I have the following i.v.p. (Colton Kress-Inverse acoustic and electromagnetic scattering theory, Springer) $$y''(r)+(k^2n(r)-\frac{l(l+1)}{r^2})y(r)=0$$ $$y(0)=0, y'(0)=1$$ using the Liouville transformation: $z(ξ)=y(r)n(r)^{1/4},\ ξ=\int_0^{r}n(t)dt$, the problem is transformed to $$z''(ξ)+(k^2-\frac{l(l+1)}{ξ^2}-g(ξ))z(ξ)=0$$ $$z(0)=0,\ z'(0)=\frac{1}{n(0)^{1/4}}$$ for a suitable function g.
I want to write the solution as a Volterra integral equation. In the case that l=0, it is easy to find that $$z(ξ)=\frac{sin(kξ)}{kn(0)^{1/4}}+1/k\int_0^{ξ}sin(k(ξ-t))g(t)z(t)dt$$ If $l>0$, I would expect solutions in the form $\sqrt{ξ} J_{l+1/2}(ξ)$ but I can't find the way.
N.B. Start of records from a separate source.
(* Let $m\ge 2$ and suppose $B,D\subseteq\mathbb{Z}_m$ are $2$-$\{m;k_1,k_2;\mu\}$ SDS. (i) If, for some $b\in B$, the sets $B\setminus\{b\}$ and $D$ are $2$-$\{m;k_1-1,k_2;\mu-1;\frac{m-1}{2}\}$ ASDS, then $k_1=\frac{m+3}{4}$ and $\mu=\frac{m+3}{16}+\frac{k_2^2-k_2}{m-1}$. (ii) If, for some $b\in\mathbb{Z}_m\setminus(B\cup D)$, the sets $B\cup\{b\}$ and $D$ are $2$-$\{m;k_1+1,k_2;\mu;\frac{m-1}{2}\}$ ASDS, then $k_1=\frac{m-1}{4}$ and $\mu=\frac{m-5}{16}+\frac{k_2^2-k_2}{m-1}$.
   Context: For $B,D\subseteq\mathbb{Z}_m$ and $a\in\mathbb{Z}_m\setminus\{0\}$, let $N_{B,D}(a)=|\{(x,x')\in B\times B: x-x'\equiv a\}|+|\{(y,y')\in D\times D: y-y'\equiv a\}|$ (the total number of solutions of the congruences $x_i-x_j\equiv a$, $y_{i'}-y_{j'}\equiv a \pmod m$ with elements of $B$, resp. $D$). For integers $\mu$ and $0\le t\le m-1$, $B$ and $D$ are $2$-$\{m;k_1,k_2;\mu;t\}$ ASDS (almost supplementary difference sets) if $|B|=k_1$, $|D|=k_2$, $N_{B,D}(a)=\mu$ for exactly $t$ values $a\ne0$, and $N_{B,D}(a)=\mu+1$ for the remaining $m-1-t$ values $a\ne0$. They are $2$-$\{m;k_1,k_2;\mu\}$ SDS (supplementary difference sets) if $|B|=k_1$, $|D|=k_2$ and $N_{B,D}(a)=\mu$ for all $a\ne 0$. *)

theory Defs
  imports Complex_Main
begin

text \<open>Z_m is represented by the integers {0..<m}; congruences are taken mod m.\<close>

definition Nsol :: "nat \<Rightarrow> int set \<Rightarrow> int set \<Rightarrow> int \<Rightarrow> nat" where
  "Nsol m B D a =
     card {(x, x'). x \<in> B \<and> x' \<in> B \<and> (x - x') mod int m = a mod int m}
   + card {(y, y'). y \<in> D \<and> y' \<in> D \<and> (y - y') mod int m = a mod int m}"

definition SDS :: "nat \<Rightarrow> nat \<Rightarrow> nat \<Rightarrow> int \<Rightarrow> int set \<Rightarrow> int set \<Rightarrow> bool" where
  "SDS m k1 k2 mu B D \<longleftrightarrow>
     B \<subseteq> {0..<int m} \<and> D \<subseteq> {0..<int m} \<and> card B = k1 \<and> card D = k2 \<and>
     (\<forall>a \<in> {1..<int m}. int (Nsol m B D a) = mu)"

text \<open>The parameter t is
  taken as a real number so that values like (m-1)/2 can be passed literally; the
  condition forces t to be an integer with 0 <= t <= m-1.\<close>
definition ASDS :: "nat \<Rightarrow> nat \<Rightarrow> nat \<Rightarrow> int \<Rightarrow> real \<Rightarrow> int set \<Rightarrow> int set \<Rightarrow> bool" where
  "ASDS m k1 k2 mu t B D \<longleftrightarrow>
     B \<subseteq> {0..<int m} \<and> D \<subseteq> {0..<int m} \<and> card B = k1 \<and> card D = k2 \<and>
     0 \<le> t \<and> t \<le> real m - 1 \<and>
     real (card {a \<in> {1..<int m}. int (Nsol m B D a) = mu}) = t \<and>
     (\<forall>a \<in> {1..<int m}. int (Nsol m B D a) = mu \<or> int (Nsol m B D a) = mu + 1)"

end

theory Submission
  imports Defs
begin

text \<open>Adding a point b to a set S \<subseteq> Z_m creates exactly 2|S| new ordered pairs with nonzero
  difference, so the counts N(a) grow by 2|S| in total. In both situations of the theorem
  every N(a) changes by 0 or 1, and the ASDS condition says how many change: t = (m-1)/2
  in (i), m-1-t = (m-1)/2 in (ii). Hence 2(k1-1) = (m-1)/2, resp. 2 k1 = (m-1)/2, and \<mu>
  follows from the counting identity (m-1) \<mu> = k1(k1-1) + k2(k2-1) of the SDS.\<close>

definition diff_count :: "nat \<Rightarrow> int set \<Rightarrow> int \<Rightarrow> nat" where
  "diff_count m S a = card {(x, x'). x \<in> S \<and> x' \<in> S \<and> (x - x') mod int m = a mod int m}"

lemma Nsol_eq_diff_count: "Nsol m B D a = diff_count m B a + diff_count m D a"
  unfolding Nsol_def diff_count_def by simp

lemma diff_mod_in_nonzero_residues:
  fixes x x' :: int
  assumes "x \<in> {0..<int m}" "x' \<in> {0..<int m}" "x \<noteq> x'"
  shows "(x - x') mod int m \<in> {1..<int m}"
proof (cases "x > x'")
  case True
  then have "(x - x') mod int m = x - x'" using assms by (intro mod_pos_pos_trivial) auto
  then show ?thesis using True assms by auto
next
  case False
  then have "(x - x') mod int m = x - x' + int m"
    using assms by (subst mod_add_self2[symmetric], intro mod_pos_pos_trivial) auto
  then show ?thesis using False assms by auto
qed

lemma sum_diff_count:
  assumes S: "S \<subseteq> {0..<int m}"
  shows "(\<Sum>a\<in>{1..<int m}. diff_count m S a) = card S * (card S - 1)"
proof -
  have fin_S: "finite S" using S finite_subset by blast
  define pairs where "pairs a = {(x, x'). x \<in> S \<and> x' \<in> S \<and> (x - x') mod int m = a}" for a
  have count_eq: "diff_count m S a = card (pairs a)" if "a \<in> {1..<int m}" for a
    using that unfolding diff_count_def pairs_def by simp
  have off_diagonal: "(\<Union>a\<in>{1..<int m}. pairs a) = S \<times> S - (\<lambda>x. (x, x)) ` S"
  proof (intro set_eqI iffI)
    fix p assume "p \<in> (\<Union>a\<in>{1..<int m}. pairs a)"
    then obtain x x' where "p = (x, x')" "x \<in> S" "x' \<in> S" "(x - x') mod int m \<noteq> 0"
      unfolding pairs_def by auto
    then show "p \<in> S \<times> S - (\<lambda>x. (x, x)) ` S" by auto
  next
    fix p assume "p \<in> S \<times> S - (\<lambda>x. (x, x)) ` S"
    then obtain x x' where "p = (x, x')" "x \<in> S" "x' \<in> S" "x \<noteq> x'" by auto
    moreover have "(x - x') mod int m \<in> {1..<int m}"
      using calculation S by (intro diff_mod_in_nonzero_residues) auto
    ultimately show "p \<in> (\<Union>a\<in>{1..<int m}. pairs a)" unfolding pairs_def by blast
  qed
  have "(\<Sum>a\<in>{1..<int m}. diff_count m S a) = (\<Sum>a\<in>{1..<int m}. card (pairs a))"
    using count_eq by simp
  also have "\<dots> = card (\<Union>a\<in>{1..<int m}. pairs a)"
    by (rule card_UN_disjoint[symmetric])
      (auto simp: pairs_def intro: finite_subset[of _ "S \<times> S"] fin_S)
  also have "\<dots> = card (S \<times> S) - card ((\<lambda>x. (x, x)) ` S)"
    unfolding off_diagonal by (rule card_Diff_subset) (use fin_S in auto)
  also have "card ((\<lambda>x. (x, x)) ` S) = card S" by (rule card_image) (auto simp: inj_on_def)
  finally show ?thesis by (simp add: card_cartesian_product diff_mult_distrib2)
qed

lemma SDS_parameter_relation:
  assumes "m \<ge> 1" and sds: "SDS m k1 k2 mu B D"
  shows "(real m - 1) * mu = real k1 * (real k1 - 1) + real k2 * (real k2 - 1)"
proof -
  have "(int m - 1) * mu = (\<Sum>a\<in>{1..<int m}. int (Nsol m B D a))"
    using sds \<open>m \<ge> 1\<close> unfolding SDS_def by simp
  also have "\<dots> = int (\<Sum>a\<in>{1..<int m}. diff_count m B a) + int (\<Sum>a\<in>{1..<int m}. diff_count m D a)"
    by (simp add: Nsol_eq_diff_count sum.distrib)
  finally have "(int m - 1) * mu = int (k1 * (k1 - 1)) + int (k2 * (k2 - 1))"
    using sds sum_diff_count[of B m] sum_diff_count[of D m] unfolding SDS_def by simp
  then have "real_of_int ((int m - 1) * mu) = real (k1 * (k1 - 1)) + real (k2 * (k2 - 1))"
    by (metis of_int_add of_int_of_nat_eq)
  then show ?thesis
    using \<open>m \<ge> 1\<close> by (cases k1; cases k2) (auto simp: algebra_simps of_nat_diff)
qed

lemma sum_Nsol_insert:
  assumes S: "S \<subseteq> {0..<int m}" and b: "b \<in> {0..<int m}" "b \<notin> S"
  shows "(\<Sum>a\<in>{1..<int m}. int (Nsol m (insert b S) D a) - int (Nsol m S D a)) = 2 * int (card S)"
proof -
  have "finite S" using S finite_subset by blast
  have "(\<Sum>a\<in>{1..<int m}. int (Nsol m (insert b S) D a) - int (Nsol m S D a))
      = int (\<Sum>a\<in>{1..<int m}. diff_count m (insert b S) a) - int (\<Sum>a\<in>{1..<int m}. diff_count m S a)"
    by (simp add: Nsol_eq_diff_count sum_subtractf)
  also have "\<dots> = int (card (insert b S) * (card (insert b S) - 1)) - int (card S * (card S - 1))"
    using S b by (simp add: sum_diff_count)
  also have "\<dots> = 2 * int (card S)"
    using \<open>finite S\<close> b(2) by (cases "card S") (auto simp: algebra_simps)
  finally show ?thesis .
qed

lemma card_Nsol_increments:
  assumes S: "S \<subseteq> {0..<int m}" and b: "b \<in> {0..<int m}" "b \<notin> S"
    and steps: "\<And>a. a \<in> {1..<int m} \<Longrightarrow> Nsol m (insert b S) D a = Nsol m S D a
                   \<or> Nsol m (insert b S) D a = Nsol m S D a + 1"
  shows "card {a\<in>{1..<int m}. Nsol m (insert b S) D a = Nsol m S D a + 1} = 2 * card S"
proof -
  let ?up = "\<lambda>a. Nsol m (insert b S) D a = Nsol m S D a + 1"
  have "int (card {a\<in>{1..<int m}. ?up a}) = (\<Sum>a\<in>{1..<int m}. of_bool (?up a))"
    by (simp add: Int_def)
  also have "\<dots> = (\<Sum>a\<in>{1..<int m}. int (Nsol m (insert b S) D a) - int (Nsol m S D a))"
    using steps by (intro sum.cong) auto
  finally show ?thesis using sum_Nsol_insert[OF S b] by simp
qed

lemma SDS_ASDS_remove_point:
  assumes sds: "SDS m k1 k2 mu B D" and bB: "b \<in> B"
    and asds: "ASDS m (k1 - 1) k2 (mu - 1) t (B - {b}) D"
  shows "t = 2 * (real k1 - 1)"
proof -
  let ?S = "B - {b}"
  have B: "B \<subseteq> {0..<int m}" and Nmu: "\<And>a. a \<in> {1..<int m} \<Longrightarrow> int (Nsol m B D a) = mu"
    using sds unfolding SDS_def by auto
  have "finite B" using B finite_subset by blast
  then have card_S: "card ?S = card B - 1" "card B \<ge> 1" "card B = k1"
    using bB sds card_0_eq[of B] unfolding SDS_def by auto
  have ins: "insert b ?S = B" using bB by auto
  have t: "t = real (card {a\<in>{1..<int m}. int (Nsol m ?S D a) = mu - 1})"
    and drop: "\<And>a. a \<in> {1..<int m} \<Longrightarrow> int (Nsol m ?S D a) = mu - 1 \<or> int (Nsol m ?S D a) = mu"
    using asds unfolding ASDS_def by auto
  have steps: "Nsol m B D a = Nsol m ?S D a \<or> Nsol m B D a = Nsol m ?S D a + 1"
    if "a \<in> {1..<int m}" for a
    using drop[OF that] Nmu[OF that] by linarith
  have "{a\<in>{1..<int m}. Nsol m B D a = Nsol m ?S D a + 1}
      = {a\<in>{1..<int m}. int (Nsol m ?S D a) = mu - 1}"
    using Nmu by (intro Collect_cong conj_cong refl) fastforce
  moreover have "card {a\<in>{1..<int m}. Nsol m B D a = Nsol m ?S D a + 1} = 2 * card ?S"
    using card_Nsol_increments[of ?S m b D, unfolded ins] B bB steps by blast
  ultimately show ?thesis using t card_S by (simp add: of_nat_diff)
qed

lemma SDS_ASDS_add_point:
  assumes sds: "SDS m k1 k2 mu B D" and b: "b \<in> {0..<int m} - B"
    and asds: "ASDS m (k1 + 1) k2 mu t (insert b B) D"
  shows "t = real m - 1 - 2 * real k1"
proof -
  have B: "B \<subseteq> {0..<int m}" and Nmu: "\<And>a. a \<in> {1..<int m} \<Longrightarrow> int (Nsol m B D a) = mu"
    and card_B: "card B = k1"
    using sds unfolding SDS_def by auto
  let ?stay = "{a\<in>{1..<int m}. int (Nsol m (insert b B) D a) = mu}"
  have t: "t = real (card ?stay)" and "t \<ge> 0" "t \<le> real m - 1"
    and rise: "\<And>a. a \<in> {1..<int m} \<Longrightarrow> int (Nsol m (insert b B) D a) = mu
                 \<or> int (Nsol m (insert b B) D a) = mu + 1"
    using asds unfolding ASDS_def by auto
  have steps: "Nsol m (insert b B) D a = Nsol m B D a \<or> Nsol m (insert b B) D a = Nsol m B D a + 1"
    if "a \<in> {1..<int m}" for a
    using rise[OF that] Nmu[OF that] by linarith
  have up_iff: "Nsol m (insert b B) D a = Nsol m B D a + 1 \<longleftrightarrow> int (Nsol m (insert b B) D a) \<noteq> mu"
    if "a \<in> {1..<int m}" for a
    using rise[OF that] Nmu[OF that] by linarith
  have "{a\<in>{1..<int m}. Nsol m (insert b B) D a = Nsol m B D a + 1} = {1..<int m} - ?stay"
    using up_iff by auto
  moreover have "card {a\<in>{1..<int m}. Nsol m (insert b B) D a = Nsol m B D a + 1} = 2 * k1"
    using card_Nsol_increments[of B m b D] B b steps card_B by blast
  moreover have stay: "?stay \<subseteq> {1..<int m}" by blast
  then have "finite ?stay" by (rule finite_subset) simp
  then have "real (card ({1..<int m} - ?stay)) = real (card {1..<int m}) - real (card ?stay)"
    using card_Diff_subset[OF _ stay] card_mono[OF _ stay] by (simp add: of_nat_diff)
  moreover have "real (card {1..<int m}) = real m - 1"
    using \<open>t \<ge> 0\<close> \<open>t \<le> real m - 1\<close> by (simp add: of_nat_diff)
  ultimately show ?thesis using t by simp
qed

theorem lemma3:
  fixes m k1 k2 :: nat and mu :: int and B D :: "int set"
  assumes m2: "m \<ge> 2"
    and sds: "SDS m k1 k2 mu B D"
  shows "(\<forall>b \<in> B. ASDS m (k1 - 1) k2 (mu - 1) ((real m - 1) / 2) (B - {b}) D \<longrightarrow>
            real k1 = (real m + 3) / 4 \<and>
            real_of_int mu = (real m + 3) / 16 + (real k2 ^ 2 - real k2) / (real m - 1))
       \<and> (\<forall>b \<in> {0..<int m} - (B \<union> D). ASDS m (k1 + 1) k2 mu ((real m - 1) / 2) (B \<union> {b}) D \<longrightarrow>
            real k1 = (real m - 1) / 4 \<and>
            real_of_int mu = (real m - 5) / 16 + (real k2 ^ 2 - real k2) / (real m - 1))"
proof -
  have m1: "real m - 1 > 0" using m2 by simp
  have "(real m - 1) * mu = real k1 * (real k1 - 1) + real k2 * (real k2 - 1)"
    using SDS_parameter_relation[OF _ sds] m2 by simp
  then have "real_of_int mu = (real k1 * (real k1 - 1) + (real k2 ^ 2 - real k2)) / (real m - 1)"
    using m1 by (simp add: eq_divide_eq algebra_simps power2_eq_square)
  then have mu: "real_of_int mu = real k1 * (real k1 - 1) / (real m - 1) + (real k2 ^ 2 - real k2) / (real m - 1)"
    by (simp add: add_divide_distrib)
  show ?thesis
  proof (intro conjI ballI impI)
    fix b assume "b \<in> B" "ASDS m (k1 - 1) k2 (mu - 1) ((real m - 1) / 2) (B - {b}) D"
    then have "(real m - 1) / 2 = 2 * (real k1 - 1)" by (rule SDS_ASDS_remove_point[OF sds])
    then show k1: "real k1 = (real m + 3) / 4" by simp
    have "real k1 * (real k1 - 1) = (real m + 3) / 16 * (real m - 1)"
      unfolding k1 by (simp add: field_simps)
    then show "real_of_int mu = (real m + 3) / 16 + (real k2 ^ 2 - real k2) / (real m - 1)"
      unfolding mu using m1 by simp
  next
    fix b assume "b \<in> {0..<int m} - (B \<union> D)" "ASDS m (k1 + 1) k2 mu ((real m - 1) / 2) (B \<union> {b}) D"
    then have "(real m - 1) / 2 = real m - 1 - 2 * real k1"
      by (intro SDS_ASDS_add_point[OF sds]) (auto simp: insert_commute)
    then show k1: "real k1 = (real m - 1) / 4" by simp
    have "real k1 * (real k1 - 1) = (real m - 5) / 16 * (real m - 1)"
      unfolding k1 by (simp add: field_simps)
    then show "real_of_int mu = (real m - 5) / 16 + (real k2 ^ 2 - real k2) / (real m - 1)"
      unfolding mu using m1 by simp
  qed
qed

end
Using Maple I am obtaining
$$z \left( \xi \right) =C\sqrt {\xi}{{\rm J_{L+1/2}}\left(\,\xi\,k\right)} +1/2\,\sqrt {\xi}\pi \, \left( {{\rm J_{L+1/2}}\left(\,\xi\,k\right)} \int _{0}^{\xi}\!\sqrt {\eta}{{\rm Y_{L+1/2,}}\left(\,\eta\,k\right)}g \left( \eta \right) z \left( \eta \right) {d\eta}- {{\rm Y_{L+1/2,}}\left(\,\xi\,k\right)}\int _{0}^{\xi}\!\sqrt {\eta} {{\rm J_{L+1/2,}}\left(\,\eta\,k\right)}g \left( \eta \right) z \left( \eta \right) {d\eta} \right) $$
Do you agree?